Task statement: Among the entries below, find the lines with the word "open" and return them.

(Dataset entries)
++++++++++

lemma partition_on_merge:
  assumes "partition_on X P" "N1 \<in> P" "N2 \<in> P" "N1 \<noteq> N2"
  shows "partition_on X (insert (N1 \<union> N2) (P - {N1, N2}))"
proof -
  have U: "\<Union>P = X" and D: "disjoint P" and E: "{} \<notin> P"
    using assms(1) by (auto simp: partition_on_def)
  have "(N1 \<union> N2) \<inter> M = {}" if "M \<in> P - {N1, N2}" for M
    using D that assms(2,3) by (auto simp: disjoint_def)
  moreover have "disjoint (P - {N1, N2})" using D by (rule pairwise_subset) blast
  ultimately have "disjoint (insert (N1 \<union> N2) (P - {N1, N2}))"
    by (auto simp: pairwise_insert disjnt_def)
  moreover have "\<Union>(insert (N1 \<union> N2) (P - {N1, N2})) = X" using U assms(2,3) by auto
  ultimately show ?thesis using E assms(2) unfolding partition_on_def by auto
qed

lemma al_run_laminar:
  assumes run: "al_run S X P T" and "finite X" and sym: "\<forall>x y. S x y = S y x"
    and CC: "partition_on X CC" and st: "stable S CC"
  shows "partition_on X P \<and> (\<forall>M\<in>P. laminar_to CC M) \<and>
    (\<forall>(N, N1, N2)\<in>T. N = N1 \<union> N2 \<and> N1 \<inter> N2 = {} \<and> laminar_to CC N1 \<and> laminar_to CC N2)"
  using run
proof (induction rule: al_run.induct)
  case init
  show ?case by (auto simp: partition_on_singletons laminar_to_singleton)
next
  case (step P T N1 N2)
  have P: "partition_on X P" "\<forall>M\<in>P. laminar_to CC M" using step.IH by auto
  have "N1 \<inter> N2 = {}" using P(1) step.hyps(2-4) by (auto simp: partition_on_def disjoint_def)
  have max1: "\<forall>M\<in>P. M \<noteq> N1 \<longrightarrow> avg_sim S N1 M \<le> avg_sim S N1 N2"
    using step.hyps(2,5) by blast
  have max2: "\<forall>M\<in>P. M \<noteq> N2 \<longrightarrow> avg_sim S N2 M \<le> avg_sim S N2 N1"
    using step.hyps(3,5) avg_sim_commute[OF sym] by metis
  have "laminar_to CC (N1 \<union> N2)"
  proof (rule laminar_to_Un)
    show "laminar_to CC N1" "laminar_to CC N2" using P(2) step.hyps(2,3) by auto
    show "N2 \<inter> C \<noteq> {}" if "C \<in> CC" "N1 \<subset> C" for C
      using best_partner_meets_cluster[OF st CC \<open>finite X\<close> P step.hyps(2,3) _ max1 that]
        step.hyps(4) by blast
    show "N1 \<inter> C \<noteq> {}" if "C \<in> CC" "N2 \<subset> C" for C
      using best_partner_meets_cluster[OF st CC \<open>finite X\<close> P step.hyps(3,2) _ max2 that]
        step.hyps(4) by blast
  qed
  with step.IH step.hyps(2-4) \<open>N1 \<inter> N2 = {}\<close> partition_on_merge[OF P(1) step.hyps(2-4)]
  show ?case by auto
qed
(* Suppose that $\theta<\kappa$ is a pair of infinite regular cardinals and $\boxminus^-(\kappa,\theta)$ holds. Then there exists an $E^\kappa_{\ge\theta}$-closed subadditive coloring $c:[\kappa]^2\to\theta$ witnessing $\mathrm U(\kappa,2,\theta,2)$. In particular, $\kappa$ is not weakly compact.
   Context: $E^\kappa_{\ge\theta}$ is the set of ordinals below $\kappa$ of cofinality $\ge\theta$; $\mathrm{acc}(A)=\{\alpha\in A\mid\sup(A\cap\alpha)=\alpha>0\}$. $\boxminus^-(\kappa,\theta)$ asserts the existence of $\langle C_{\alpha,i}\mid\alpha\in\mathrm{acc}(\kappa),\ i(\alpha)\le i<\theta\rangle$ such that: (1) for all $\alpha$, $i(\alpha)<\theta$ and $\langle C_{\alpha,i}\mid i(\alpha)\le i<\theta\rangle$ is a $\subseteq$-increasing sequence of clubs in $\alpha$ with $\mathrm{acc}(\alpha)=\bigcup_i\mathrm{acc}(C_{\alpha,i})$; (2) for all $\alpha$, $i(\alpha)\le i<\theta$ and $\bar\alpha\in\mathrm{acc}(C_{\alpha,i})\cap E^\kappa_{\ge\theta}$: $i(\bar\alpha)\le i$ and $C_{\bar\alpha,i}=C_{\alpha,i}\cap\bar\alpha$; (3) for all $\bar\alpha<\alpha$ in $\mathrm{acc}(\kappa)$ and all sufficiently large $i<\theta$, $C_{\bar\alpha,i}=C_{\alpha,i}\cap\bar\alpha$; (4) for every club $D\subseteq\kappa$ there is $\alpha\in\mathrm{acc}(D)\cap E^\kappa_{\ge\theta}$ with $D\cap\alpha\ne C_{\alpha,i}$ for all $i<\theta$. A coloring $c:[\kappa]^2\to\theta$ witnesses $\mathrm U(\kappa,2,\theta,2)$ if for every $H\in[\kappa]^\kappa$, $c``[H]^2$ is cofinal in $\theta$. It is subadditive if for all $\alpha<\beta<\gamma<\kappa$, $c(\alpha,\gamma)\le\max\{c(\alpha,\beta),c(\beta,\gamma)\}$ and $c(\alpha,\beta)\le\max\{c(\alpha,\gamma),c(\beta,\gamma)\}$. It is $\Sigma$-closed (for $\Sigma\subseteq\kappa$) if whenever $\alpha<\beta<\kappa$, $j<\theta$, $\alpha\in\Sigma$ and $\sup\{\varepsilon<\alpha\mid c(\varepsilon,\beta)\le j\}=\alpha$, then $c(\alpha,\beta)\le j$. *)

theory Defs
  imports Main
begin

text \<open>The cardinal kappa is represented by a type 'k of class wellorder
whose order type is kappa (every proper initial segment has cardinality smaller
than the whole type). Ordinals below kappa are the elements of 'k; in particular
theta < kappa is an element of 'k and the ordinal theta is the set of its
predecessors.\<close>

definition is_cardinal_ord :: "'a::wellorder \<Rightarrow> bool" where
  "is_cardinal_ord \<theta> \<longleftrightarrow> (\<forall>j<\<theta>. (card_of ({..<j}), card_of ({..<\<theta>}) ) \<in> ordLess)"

++++++++++

Exercise response:
      using best_partner_meets_cluster[OF st CC \<open>finite X\<close> P step.hyps(2,3) _ max1 that]
      using best_partner_meets_cluster[OF st CC \<open>finite X\<close> P step.hyps(3,2) _ max2 that]
  with step.IH step.hyps(2-4) \<open>N1 \<inter> N2 = {}\<close> partition_on_merge[OF P(1) step.hyps(2-4)]
text \<open>The cardinal kappa is represented by a type 'k of class wellorder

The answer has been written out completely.